Work to be completed — Between the line containing "lo) < (LINT" and the line containing "using lohi by (intro set_integrable_subset[OF" lies a run of lines; give that run again exactly, with both of those lines, and nothing else from the entries below.

**********

lemma emeasure_density_ge_if_integral_ge:
  fixes h :: "'a::euclidean_space \<Rightarrow> real"
  assumes h: "integrable lborel h" "\<And>x. 0 \<le> h x" and "\<eta> > 0"
    and "\<eta> * measure lborel (cball c r) \<le> (LINT t:cball c r|lborel. h t)"
  shows "ennreal \<eta> * emeasure lborel (cball c r) \<le> emeasure (density lborel h) (cball c r)"
proof -
  have "emeasure (density lborel h) (cball c r)
      = (\<integral>\<^sup>+ t. ennreal (h t * indicator (cball c r) t) \<partial>lborel)"
    using h by (simp add: emeasure_density) (auto intro!: nn_integral_cong simp: indicator_def)
  also have "\<dots> = ennreal (LINT t:cball c r|lborel. h t)"
    using h by (simp add: set_lebesgue_integral_def mult.commute nn_integral_eq_integral
        integrable_real_mult_indicator)
  moreover have "emeasure lborel (cball c r) = ennreal (measure lborel (cball c r))"
    using emeasure_lborel_cball_finite[of c r] by (intro emeasure_eq_ennreal_measure) auto
  ultimately show ?thesis
    using assms(3,4) by (simp add: ennreal_mult'[symmetric] ennreal_leI)
qed

lemma negligible_if_small_balls_carry_density:
  fixes h :: "'a::euclidean_space \<Rightarrow> real"
  assumes h: "integrable lborel h" "\<And>x. 0 \<le> h x" and \<eta>: "\<eta> > 0"
    and zero: "\<And>x. x \<in> S \<Longrightarrow> h x = 0"
    and balls: "\<And>x d. x \<in> S \<Longrightarrow> 0 < d \<Longrightarrow> \<exists>c r. 0 < r \<and> r < d \<and> x \<in> cball c r \<and>
       \<eta> * measure lborel (cball c r) \<le> (LINT t:cball c r|lborel. h t)"
  shows "negligible S"
proof (rule negligible_if_emeasure_small)
  fix e :: real assume "e > 0"
  let ?M = "density lborel h"
  obtain U where U: "{x. h x = 0} \<subseteq> U" "open U" and MU: "emeasure ?M U < ennreal (\<eta> * e)"
    using density_small_on_open_nbhd_of_zeros[OF h, of "ennreal (\<eta> * e)"] \<eta> \<open>e > 0\<close> by auto
  have cover: "\<exists>c r. 0 < r \<and> r < d \<and> x \<in> cball c r \<and> cball c r \<subseteq> U \<and>
      ennreal \<eta> * emeasure lborel (cball c r) \<le> emeasure ?M (cball c r)" if "x \<in> S" "0 < d" for x d
  proof -
    obtain d0 where d0: "d0 > 0" "ball x d0 \<subseteq> U"
      using U zero[OF \<open>x \<in> S\<close>] openE by blast
    then obtain c r where cr: "0 < r" "r < min d (d0 / 2)" "x \<in> cball c r"
        and dens: "\<eta> * measure lborel (cball c r) \<le> (LINT t:cball c r|lborel. h t)"
      using balls[OF \<open>x \<in> S\<close>, of "min d (d0 / 2)"] \<open>0 < d\<close> by auto
    have "cball c r \<subseteq> U"
    proof
      fix y assume "y \<in> cball c r"
      then have "y \<in> ball x d0"
        using cr dist_triangle[of x y c] by (auto simp: dist_commute)
      then show "y \<in> U"
        using d0(2) by blast
    qed
    then show ?thesis
      using cr emeasure_density_ge_if_integral_ge[OF h \<eta> dens]
      by (intro exI[of _ c] exI[of _ r]) simp
  qed
  obtain T where T: "S \<subseteq> T" "T \<in> sets lebesgue"
    and le: "ennreal \<eta> * emeasure lebesgue T \<le> emeasure ?M U"
    by (rule Vitali_cover_measure_le[of ?M U S \<eta>, OF _ _ cover]) (use U(2) in auto)
  have "emeasure lebesgue T < ennreal e"
  proof (rule ccontr)
    assume "\<not> emeasure lebesgue T < ennreal e"
    then have "ennreal \<eta> * ennreal e \<le> ennreal \<eta> * emeasure lebesgue T"
      by (simp add: mult_left_mono)
    then show False
      using le MU \<eta> \<open>e > 0\<close> by (simp add: ennreal_mult[symmetric])
  qed
  then show "\<exists>T. S \<subseteq> T \<and> T \<in> sets lebesgue \<and> emeasure lebesgue T < ennreal e"
    using T by blast
qed

lemma set_integrable_const_Icc:
  fixes a b c :: real
  shows "set_integrable lborel {a..b} (\<lambda>_. c)"
proof -
  have "integrable lborel (indicat_real {a..b})"
    by (rule integrable_real_indicator) (auto simp: emeasure_lborel_Icc_eq)
  then show ?thesis
    unfolding set_integrable_def by simp
qed

lemma indefinite_integral_slope_gt:
  fixes u g :: "real \<Rightarrow> real"
  assumes gi: "set_integrable lborel {a..b} g"
    and ug: "\<And>x y. a \<le> x \<Longrightarrow> x \<le> y \<Longrightarrow> y \<le> b \<Longrightarrow> u y - u x = (LINT t:{x..y}|lborel. g t)"
    and "x \<in> {a..b}" "y \<in> {a..b}" "x \<noteq> y" and slope: "q + \<eta> < (u y - u x) / (y - x)"
  shows "\<eta> * (max x y - min x y) < (LINT t:{min x y..max x y}|lborel. g t - q)"
proof -
  define lo where "lo = min x y"
  define hi where "hi = max x y"
  have "lo < hi" "a \<le> lo" "hi \<le> b"
    using assms(3-5) unfolding lo_def hi_def by auto
  have "(u y - u x) / (y - x) = (u hi - u lo) / (hi - lo)"
    unfolding lo_def hi_def by (cases "x \<le> y") (auto simp: field_simps)
  then have "(q + \<eta>) * (hi - lo) < u hi - u lo"
    using slope \<open>lo < hi\<close> by (simp add: pos_less_divide_eq)
  also have "u hi - u lo = (LINT t:{lo..hi}|lborel. g t - q) + q * (hi - lo)"
    using \<open>lo < hi\<close> \<open>a \<le> lo\<close> \<open>hi \<le> b\<close>
      set_integral_diff(2)[OF set_integrable_subset[OF gi, of "{lo..hi}"] set_integrable_const_Icc]
    by (simp add: ug set_integral_const emeasure_lborel_Icc_eq)
  finally show ?thesis
    unfolding lo_def[symmetric] hi_def[symmetric] by (simp add: algebra_simps)
qed

lemma indefinite_integral_quotient_above_negligible:
  fixes u g :: "real \<Rightarrow> real"
  assumes gi: "set_integrable lborel {a..b} g"
    and ug: "\<And>x y. a \<le> x \<Longrightarrow> x \<le> y \<Longrightarrow> y \<le> b \<Longrightarrow> u y - u x = (LINT t:{x..y}|lborel. g t)"
    and \<eta>: "\<eta> > 0"
  shows "negligible {x \<in> {a<..<b}. g x < q \<and> (\<exists>\<^sub>F y in at x. q + \<eta> < (u y - u x) / (y - x))}"
    (is "negligible ?S")
proof (rule negligible_if_small_balls_carry_density)
  (* h vanishes where g < q, and an interval on which u rises with slope above q + \<eta> carries
     h-mass at least \<eta> times its length. *)
  define h where "h t = max 0 ((g t - q) * indicator {a..b} t)" for t
  have gqi: "set_integrable lborel {a..b} (\<lambda>t. g t - q)"
    by (rule set_integral_diff(1)[OF gi set_integrable_const_Icc])
  then show "integrable lborel h"
    unfolding h_def set_integrable_def by (intro integrable_max) (simp_all add: mult.commute)
  show "0 \<le> h t" for t
    by (simp add: h_def)
  show "h x = 0" if "x \<in> ?S" for x
    using that by (simp add: h_def)
  show "\<exists>c r. 0 < r \<and> r < d \<and> x \<in> cball c r \<and>
      \<eta> * measure lborel (cball c r) \<le> (LINT t:cball c r|lborel. h t)" if "x \<in> ?S" "0 < d" for x d
  proof -
    have x: "x \<in> {a<..<b}" and "\<exists>\<^sub>F y in at x. q + \<eta> < (u y - u x) / (y - x)"
      using that by auto
    then obtain y where y: "y \<noteq> x" "dist y x < min d (min (x - a) (b - x))"
        and slope: "q + \<eta> < (u y - u x) / (y - x)"
      using \<open>0 < d\<close> unfolding frequently_at
      by (metis UNIV_I greaterThanLessThan_iff min_less_iff_conj diff_gt_0_iff_gt)
    define lo where "lo = min x y"
    define hi where "hi = max x y"
    have lohi: "lo < hi" "a \<le> lo" "hi \<le> b" "hi - lo < d" "x \<in> {lo..hi}"
      using x y unfolding lo_def hi_def dist_real_def by auto
    have "\<eta> * (hi - lo) < (LINT t:{lo..hi}|lborel. g t - q)"
      unfolding lo_def hi_def
      using x y slope by (intro indefinite_integral_slope_gt[OF gi ug]) (auto simp: dist_real_def)
    also have "\<dots> \<le> (LINT t:{lo..hi}|lborel. h t)"
    proof (rule set_integral_mono)
      show "set_integrable lborel {lo..hi} (\<lambda>t. g t - q)"
        using lohi by (intro set_integrable_subset[OF gqi]) auto
      show "set_integrable lborel {lo..hi} h"
        using \<open>integrable lborel h\<close> unfolding set_integrable_def
        by (simp add: integrable_real_mult_indicator mult.commute)
    qed (use lohi in \<open>auto simp: h_def\<close>)
    moreover have "cball ((lo + hi) / 2) ((hi - lo) / 2) = {lo..hi}"
      by (auto simp: cball_eq_atLeastAtMost field_simps)
    ultimately show ?thesis
      using lohi by (intro exI[of _ "(lo + hi) / 2"] exI[of _ "(hi - lo) / 2"]) auto
  qed
qed (fact \<eta>)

**********

Response to this task —
    have "\<eta> * (hi - lo) < (LINT t:{lo..hi}|lborel. g t - q)"
      unfolding lo_def hi_def
      using x y slope by (intro indefinite_integral_slope_gt[OF gi ug]) (auto simp: dist_real_def)
    also have "\<dots> \<le> (LINT t:{lo..hi}|lborel. h t)"
    proof (rule set_integral_mono)
      show "set_integrable lborel {lo..hi} (\<lambda>t. g t - q)"
        using lohi by (intro set_integrable_subset[OF gqi]) auto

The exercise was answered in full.